“Yes, they do mostly. Probably he meant Taos,—whole nest of artists at Taos.”
“Well, but why in thunder then—?”
The clerk smiled skeptically.
“Why, you see, it's something like this. Miss Hastings' bent on being an illustrator, pays better than teaching, I suppose, or—well, at any rate, that's what she's aiming for,—and she has an idea that if she can only get a series of pictures,—several of them on the same subject, you understand,—accepted by one of those Eastern magazines, she can soon work in with some big publisher and get an order. She told us all about it one night last winter when she was over.”
“But in heaven's name, why Indians?” persisted Blair.
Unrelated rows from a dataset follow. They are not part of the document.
(* Let $\ell$ be a positive odd integer with at most $t$ distinct prime factors. Suppose that for $i=1,\dots,s$ there are primes $p_{i,1}<p_{i,2}<\cdots<p_{i,t+1}$ with $p_{i,1}\ge 3$, such that for each $i$ any two of $p_{i,1}-1,\dots,p_{i,t+1}-1$ have no common odd prime factor, and such that $p_{i+1,t+1}<2p_{i,1}$ for $1\le i\le s-1$. Then for every integer $n$ with $p_{1,t+1}-1\le n\le 2p_{s,1}-2$, $\Omega_\ell(n)$ is not a powerful number.
   Context: A positive integer $a$ is called a powerful number if for every prime $p$, $p\mid a$ implies $p^2\mid a$. $\Omega_\ell(n)=\prod_{a=1}^{n}(a^\ell+1)$. *)

theory Defs
  imports "HOL-Computational_Algebra.Primes"
begin

definition powerful :: "nat \<Rightarrow> bool" where
  "powerful a \<longleftrightarrow> a > 0 \<and> (\<forall>p. prime p \<and> p dvd a \<longrightarrow> p^2 dvd a)"

definition Omega :: "nat \<Rightarrow> nat \<Rightarrow> nat" where
  "Omega l n = (\<Prod>a=1..n. a ^ l + 1)"

end

theory Submission
  imports Defs "HOL-Number_Theory.Number_Theory"
begin

text \<open>
  Let \<open>q\<close> be an odd prime with \<open>q \<nmid> l\<close> and \<open>gcd(l, q - 1) = 1\<close>. Then \<open>a \<mapsto> a\<^sup>l\<close> is a
  bijection modulo \<open>q\<close>, so \<open>q \<mid> a\<^sup>l + 1\<close> forces \<open>a \<equiv> -1 (mod q)\<close>; for \<open>q - 1 \<le> n \<le> 2q - 2\<close>
  the only such factor of \<open>\<Omega>\<^sub>l(n)\<close> is \<open>a = q - 1\<close>, and \<open>(q - 1)\<^sup>l + 1 \<equiv> l q (mod q\<^sup>2)\<close>,
  so \<open>q\<close> divides \<open>\<Omega>\<^sub>l(n)\<close> exactly once.
  The chain condition puts every admissible \<open>n\<close> into the window
  \<open>p(i, t + 1) - 1 \<le> n \<le> 2 p(i, 1) - 2\<close> of some block \<open>i\<close>, which is then a window for
  every prime \<open>q = p(i, j)\<close> of that block. Charging each \<open>q\<close> that violates one of the two
  conditions to a prime factor of \<open>l\<close> (a common factor with \<open>q - 1\<close>, or \<open>q\<close> itself) is
  injective, so with only \<open>t\<close> prime factors some \<open>q\<close> among the \<open>t + 1\<close> satisfies both.
\<close>

lemma square_dvd_one_minus_power:
  fixes x :: int
  shows "x\<^sup>2 dvd (1 - x) ^ k - (1 - int k * x)"
proof (induction k)
  case 0
  then show ?case by simp
next
  case (Suc k)
  then obtain m where m: "(1 - x) ^ k = 1 - int k * x + x\<^sup>2 * m"
    by (metis dvd_def diff_eq_eq add.commute)
  have "(1 - x) ^ Suc k - (1 - int (Suc k) * x) = x\<^sup>2 * (int k + (1 - x) * m)"
    by (simp add: m power2_eq_square algebra_simps)
  then show ?case by simp
qed

lemma prime_square_not_dvd_pred_power_plus_one:
  fixes q l :: nat
  assumes "prime q" "odd l" "\<not> q dvd l"
  shows "\<not> q\<^sup>2 dvd (q - 1) ^ l + 1"
proof
  assume "q\<^sup>2 dvd (q - 1) ^ l + 1"
  hence "int (q\<^sup>2) dvd int ((q - 1) ^ l + 1)" by (simp only: int_dvd_int_iff)
  hence "(int q)\<^sup>2 dvd (int q - 1) ^ l + 1"
    using prime_ge_1_nat[OF assms(1)] by (simp add: of_nat_diff add.commute)
  also have "(int q - 1) ^ l + 1 = 1 - (1 - int q) ^ l"
    using power_minus_odd[OF \<open>odd l\<close>, of "1 - int q"] by simp
  finally have sq_dvd: "(int q)\<^sup>2 dvd 1 - (1 - int q) ^ l" .
  obtain m where m: "(1 - int q) ^ l - (1 - int l * int q) = (int q)\<^sup>2 * m"
    using square_dvd_one_minus_power[of "int q" l] by (auto simp: dvd_def)
  have "(int q)\<^sup>2 dvd (1 - (1 - int q) ^ l) + (int q)\<^sup>2 * m"
    using sq_dvd by simp
  also have "(1 - (1 - int q) ^ l) + (int q)\<^sup>2 * m = int q * int l"
    using m by (simp add: algebra_simps)
  finally have "int q * int q dvd int q * int l" by (simp add: power2_eq_square)
  hence "int q dvd int l" using prime_gt_0_nat[OF assms(1)] by simp
  thus False using assms(3) by simp
qed

text \<open>Since \<open>l u \<equiv> 1 (mod q - 1)\<close> for some odd \<open>u\<close>, Fermat gives \<open>a \<equiv> a\<^sup>l\<^sup>u \<equiv> (-1)\<^sup>u = -1\<close>.\<close>

lemma prime_dvd_power_plus_one_imp_dvd_plus_one:
  fixes q l a :: nat
  assumes "prime q" "odd q" "odd l" "coprime l (q - 1)" and dvd: "q dvd a ^ l + 1"
  shows "q dvd a + 1"
proof -
  have "l \<noteq> 0" using odd_pos[OF \<open>odd l\<close>] by simp
  have "\<not> q dvd a"
  proof
    assume "q dvd a"
    hence "q dvd a ^ l" using \<open>l \<noteq> 0\<close> by (meson dvd_power dvd_trans gr0I)
    with dvd have "q dvd 1" by (metis dvd_add_right_iff)
    thus False using \<open>prime q\<close> by simp
  qed
  obtain u v where uv: "l * u = (q - 1) * v + 1"
    using bezout_nat[OF \<open>l \<noteq> 0\<close>, of "q - 1"] \<open>coprime l (q - 1)\<close> by auto
  have "even (q - 1)" using \<open>odd q\<close> by simp
  hence "odd (l * u)" unfolding uv by simp
  hence "odd u" by simp
  have "[a ^ (q - 1) = 1] (mod q)" using fermat_theorem[OF \<open>prime q\<close> \<open>\<not> q dvd a\<close>] .
  hence "[(a ^ (q - 1)) ^ v * a = 1 ^ v * a] (mod q)" by (intro cong_mult cong_pow) auto
  hence "[a ^ (l * u) = a] (mod q)" by (simp only: uv power_add power_mult) simp
  hence a_lu: "[(int a) ^ (l * u) = int a] (mod int q)" by (metis cong_int_iff of_nat_power)
  have "[(int a) ^ l = -1] (mod int q)"
    using dvd by (simp add: cong_iff_dvd_diff) (metis of_nat_dvd_iff of_nat_power of_nat_Suc add.commute)
  hence "[((int a) ^ l) ^ u = (-1) ^ u] (mod int q)" by (rule cong_pow)
  hence "[(int a) ^ (l * u) = -1] (mod int q)" using \<open>odd u\<close> by (simp add: power_mult)
  hence "[int a = -1] (mod int q)" using a_lu by (metis cong_sym cong_trans)
  hence "int q dvd int a + 1" by (simp add: cong_iff_dvd_diff)
  thus ?thesis by (metis of_nat_1 of_nat_add of_nat_dvd_iff)
qed

lemma prime_dvd_power_plus_one_imp_eq_pred:
  fixes q l a :: nat
  assumes "prime q" "odd q" "odd l" "coprime l (q - 1)" "q dvd a ^ l + 1" "a \<le> 2 * q - 2"
  shows "a = q - 1"
proof -
  obtain k where k: "a + 1 = q * k"
    using prime_dvd_power_plus_one_imp_dvd_plus_one[OF assms(1-5)] by (auto simp: dvd_def)
  have "k \<noteq> 0" using k by (metis add_is_0 mult_0_right one_neq_zero)
  moreover have "k < 2"
  proof (rule ccontr)
    assume "\<not> k < 2"
    hence "q * 2 \<le> q * k" by simp
    thus False using k \<open>a \<le> 2 * q - 2\<close> prime_gt_0_nat[OF \<open>prime q\<close>] by linarith
  qed
  ultimately have "k = 1" by simp
  thus ?thesis using k by simp
qed

lemma Omega_not_powerful:
  fixes q l n :: nat
  assumes "prime q" "odd q" "odd l" "coprime l (q - 1)" "\<not> q dvd l"
    and "q - 1 \<le> n" "n \<le> 2 * q - 2"
  shows "\<not> powerful (Omega l n)"
proof -
  define R where "R = (\<Prod>a\<in>{1..n} - {q - 1}. a ^ l + 1)"
  have "q \<ge> 3" using assms(1,2) prime_ge_2_nat[OF assms(1)] by (cases "q = 2") auto
  hence "q - 1 \<in> {1..n}" using \<open>q - 1 \<le> n\<close> by auto
  hence Omega_split: "Omega l n = ((q - 1) ^ l + 1) * R"
    unfolding Omega_def R_def by (simp add: prod.remove)
  have "\<not> q dvd R"
  proof
    assume "q dvd R"
    hence "\<exists>a\<in>{1..n} - {q - 1}. q dvd a ^ l + 1"
      using prime_dvd_prod_iff[of "{1..n} - {q - 1}" q "\<lambda>a. a ^ l + 1"] \<open>prime q\<close>
      unfolding R_def by simp
    then obtain a where a: "a \<in> {1..n} - {q - 1}" "q dvd a ^ l + 1" by blast
    hence "a = q - 1"
      using prime_dvd_power_plus_one_imp_eq_pred[OF assms(1-4)] \<open>n \<le> 2 * q - 2\<close> by auto
    thus False using a(1) by simp
  qed
  have "[int (q - 1) ^ l = (-1) ^ l] (mod int q)"
    using \<open>q \<ge> 3\<close> by (intro cong_pow) (simp add: cong_iff_dvd_diff of_nat_diff)
  hence "int q dvd int (q - 1) ^ l + 1" using \<open>odd l\<close> by (simp add: cong_iff_dvd_diff)
  hence "q dvd (q - 1) ^ l + 1" by (metis of_nat_1 of_nat_add of_nat_dvd_iff of_nat_power)
  hence "q dvd Omega l n" unfolding Omega_split by (rule dvd_mult2)
  moreover have "\<not> q\<^sup>2 dvd Omega l n"
  proof -
    have "coprime (q\<^sup>2) R" using prime_imp_coprime[OF \<open>prime q\<close> \<open>\<not> q dvd R\<close>] by simp
    thus ?thesis unfolding Omega_split
      using prime_square_not_dvd_pred_power_plus_one[OF assms(1,3,5)]
      by (simp only: coprime_dvd_mult_left_iff not_False_eq_True)
  qed
  ultimately show ?thesis using \<open>prime q\<close> unfolding powerful_def by blast
qed

lemma exists_prime_coprime_pred_not_dvd:
  fixes l :: nat and Q :: "nat set"
  assumes "odd l" "card (prime_factors l) < card Q"
    and prime: "\<And>q. q \<in> Q \<Longrightarrow> prime q"
    and no_common_odd_factor: "\<And>q q' r. q \<in> Q \<Longrightarrow> q' \<in> Q \<Longrightarrow> q \<noteq> q' \<Longrightarrow> prime r \<Longrightarrow> odd r
           \<Longrightarrow> r dvd q - 1 \<Longrightarrow> \<not> r dvd q' - 1"
    and not_dvd_pred: "\<And>q q'. q \<in> Q \<Longrightarrow> q' \<in> Q \<Longrightarrow> \<not> q dvd q' - 1"
  shows "\<exists>q\<in>Q. coprime l (q - 1) \<and> \<not> q dvd l"
proof (rule ccontr)
  assume none: "\<not> ?thesis"
  have "l \<noteq> 0" using odd_pos[OF \<open>odd l\<close>] by simp
  have "\<exists>r. r \<in> prime_factors l \<and> (r dvd q - 1 \<or> r = q)" if "q \<in> Q" for q
  proof (cases "coprime l (q - 1)")
    case True
    hence "q dvd l" using none that by blast
    thus ?thesis using prime[OF that] \<open>l \<noteq> 0\<close> by (auto simp: in_prime_factors_iff)
  next
    case False
    hence "gcd l (q - 1) \<noteq> 1" using coprime_iff_gcd_eq_1 by blast
    then obtain r where "prime r" "r dvd gcd l (q - 1)" using prime_factor_nat by blast
    thus ?thesis using \<open>l \<noteq> 0\<close> by (auto simp: in_prime_factors_iff)
  qed
  then obtain f where f: "\<And>q. q \<in> Q \<Longrightarrow> f q \<in> prime_factors l \<and> (f q dvd q - 1 \<or> f q = q)"
    by metis
  have "inj_on f Q"
  proof (rule inj_onI, rule ccontr)
    fix q q' assume q: "q \<in> Q" "q' \<in> Q" "f q = f q'" "q \<noteq> q'"
    have "prime (f q)" "f q dvd l" using f[OF q(1)] by (auto simp: in_prime_factors_iff)
    hence "odd (f q)" using \<open>odd l\<close> dvd_trans[of 2 "f q" l] by auto
    consider "f q dvd q - 1" "f q dvd q' - 1" | "f q dvd q - 1" "f q = q'"
      | "f q = q" "f q dvd q' - 1" | "f q = q" "f q = q'"
      using f[OF q(1)] f[OF q(2)] q(3) by auto
    thus False
    proof cases
      case 1
      thus False using no_common_odd_factor[OF q(1,2,4) \<open>prime (f q)\<close> \<open>odd (f q)\<close>] by blast
    next
      case 2
      thus False using not_dvd_pred[OF q(2,1)] by simp
    next
      case 3
      thus False using not_dvd_pred[OF q(1,2)] by simp
    next
      case 4
      thus False using q(4) by simp
    qed
  qed
  hence "card Q \<le> card (prime_factors l)" using f by (intro card_inj_on_le) auto
  thus False using \<open>card (prime_factors l) < card Q\<close> by simp
qed

lemma odd_not_dvd_pred_of_le_double:
  fixes q q' :: nat
  assumes "odd q" "odd q'" "1 < q'" "q' \<le> 2 * q"
  shows "\<not> q dvd q' - 1"
proof
  assume "q dvd q' - 1"
  then obtain c where c: "q' - 1 = q * c" by (auto simp: dvd_def)
  have "c \<noteq> 0" using c \<open>1 < q'\<close> by (cases "c = 0") auto
  moreover have "c < 2"
  proof (rule ccontr)
    assume "\<not> c < 2"
    hence "q * 2 \<le> q * c" by simp
    thus False using c \<open>q' \<le> 2 * q\<close> \<open>1 < q'\<close> by linarith
  qed
  ultimately have "c = 1" by simp
  hence "q' = q + 1" using c \<open>1 < q'\<close> by simp
  thus False using assms(1,2) by simp
qed

lemma interval_chain_cover:
  fixes lo hi :: "nat \<Rightarrow> nat"
  assumes "s \<ge> 1" and chain: "\<And>i. i \<in> {1..s-1} \<Longrightarrow> lo (i + 1) \<le> hi i + 1"
    and "lo 1 \<le> n" "n \<le> hi s"
  shows "\<exists>i\<in>{1..s}. lo i \<le> n \<and> n \<le> hi i"
proof -
  define S where "S = {i \<in> {1..s}. lo i \<le> n}"
  have "finite S" "1 \<in> S" unfolding S_def using assms by auto
  define i where "i = Max S"
  have "i \<in> S" unfolding i_def using Max_in[OF \<open>finite S\<close>] \<open>1 \<in> S\<close> by blast
  hence i: "i \<in> {1..s}" "lo i \<le> n" unfolding S_def by auto
  have "n \<le> hi i"
  proof (rule ccontr)
    assume "\<not> n \<le> hi i"
    hence "i \<noteq> s" using \<open>n \<le> hi s\<close> by auto
    hence "i \<in> {1..s-1}" using i(1) by auto
    hence "i + 1 \<in> S" using chain[of i] \<open>\<not> n \<le> hi i\<close> unfolding S_def by auto
    thus False using Max_ge[OF \<open>finite S\<close>] unfolding i_def by fastforce
  qed
  thus ?thesis using i by blast
qed

theorem lemma5:
  fixes l t s :: nat and p :: "nat \<Rightarrow> nat \<Rightarrow> nat"
  assumes l_pos: "l > 0" and l_odd: "odd l"
    and l_factors: "card (prime_factors l) \<le> t"
    and s_pos: "s \<ge> 1"
    and p_prime: "\<And>i j. i \<in> {1..s} \<Longrightarrow> j \<in> {1..t+1} \<Longrightarrow> prime (p i j)"
    and p_incr: "\<And>i j. i \<in> {1..s} \<Longrightarrow> j \<in> {1..t} \<Longrightarrow> p i j < p i (j+1)"
    and p_ge3: "\<And>i. i \<in> {1..s} \<Longrightarrow> p i 1 \<ge> 3"
    and p_cop: "\<And>i j k q. i \<in> {1..s} \<Longrightarrow> j \<in> {1..t+1} \<Longrightarrow> k \<in> {1..t+1} \<Longrightarrow> j \<noteq> k
                 \<Longrightarrow> prime q \<Longrightarrow> odd q \<Longrightarrow> \<not> (q dvd p i j - 1 \<and> q dvd p i k - 1)"
    and p_chain: "\<And>i. i \<in> {1..s-1} \<Longrightarrow> p (i+1) (t+1) < 2 * p i 1"
  shows "\<forall>n::nat. p 1 (t+1) - 1 \<le> n \<and> n \<le> 2 * p s 1 - 2 \<longrightarrow> \<not> powerful (Omega l n)"
proof (intro allI impI)
  fix n assume "p 1 (t+1) - 1 \<le> n \<and> n \<le> 2 * p s 1 - 2"
  hence "\<exists>i\<in>{1..s}. p i (t+1) - 1 \<le> n \<and> n \<le> 2 * p i 1 - 2"
  proof (intro interval_chain_cover[where lo = "\<lambda>i. p i (t+1) - 1" and hi = "\<lambda>i. 2 * p i 1 - 2"])
    show "p (i + 1) (t+1) - 1 \<le> 2 * p i 1 - 2 + 1" if "i \<in> {1..s-1}" for i
      using p_chain[OF that] by arith
  qed (use s_pos in auto)
  then obtain i where i: "i \<in> {1..s}" and window: "p i (t+1) - 1 \<le> n" "n \<le> 2 * p i 1 - 2"
    by blast
  have mono: "strict_mono_on {1..t+1} (p i)"
    by (rule strict_mono_onI, rule lift_Suc_mono_less_ivl[of "{1..t}"]) (use p_incr[OF i] in auto)
  define Q where "Q = p i ` {1..t+1}"
  have Q_bounds: "p i 1 \<le> q" "q \<le> p i (t+1)" if "q \<in> Q" for q
    using that strict_mono_on_leD[OF mono] unfolding Q_def by auto
  have Q_prime: "prime q" if "q \<in> Q" for q
    using that p_prime[OF i] unfolding Q_def by auto
  have Q_odd: "odd q" if "q \<in> Q" for q
    using Q_prime[OF that] Q_bounds(1)[OF that] p_ge3[OF i] prime_odd_nat by fastforce
  obtain q where q: "q \<in> Q" "coprime l (q - 1)" "\<not> q dvd l"
  proof (rule exists_prime_coprime_pred_not_dvd[OF l_odd, of Q, THEN bexE])
    show "card (prime_factors l) < card Q"
      using l_factors strict_mono_on_imp_inj_on[OF mono] unfolding Q_def by (simp add: card_image)
    show "\<not> r dvd q' - 1" if "q \<in> Q" "q' \<in> Q" "q \<noteq> q'" "prime r" "odd r" "r dvd q - 1" for q q' r
      using that p_cop[OF i] unfolding Q_def by blast
    show "\<not> q dvd q' - 1" if "q \<in> Q" "q' \<in> Q" for q q'
      using that Q_odd Q_bounds window p_ge3[OF i]
      by (intro odd_not_dvd_pred_of_le_double) (force simp: Q_def)+
  qed (use Q_prime in auto)
  have "q - 1 \<le> n" "n \<le> 2 * q - 2" using Q_bounds[OF q(1)] window by arith+
  thus "\<not> powerful (Omega l n)"
    using Omega_not_powerful[OF Q_prime[OF q(1)] Q_odd[OF q(1)] l_odd q(2,3)] by blast
qed

end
“Because she thinks she's found some good material here. She told me about that, too. Seems there's an old legend connected with Catalina, about an Indian princess and a cavern. The princess died of a broken heart or something of the sort, I believe she said. I never heard the particulars myself. Nobody else, either, seems to know anything about it. But Miss Hastings says there's quite a story, and she's got it all down pat from A to Z. She's using it for her series.”
A porter brought up some newcomers and Blair stepped aside. But the moment his man was at leisure again he cornered him at once. An idea had come to him, an idea almost dazzling in its possibilities.
“You say she hasn't finished her series yet?”
“Beg pardon? Oh, the teacher?” The man shook his head. “Evidently not from what she said just now. She never stays long enough really to put it over. Every few months she bobs up over a week-end, but that doesn't give her time even to visit some of the places she's after. She never seems to get much more than started before she has to go home again.”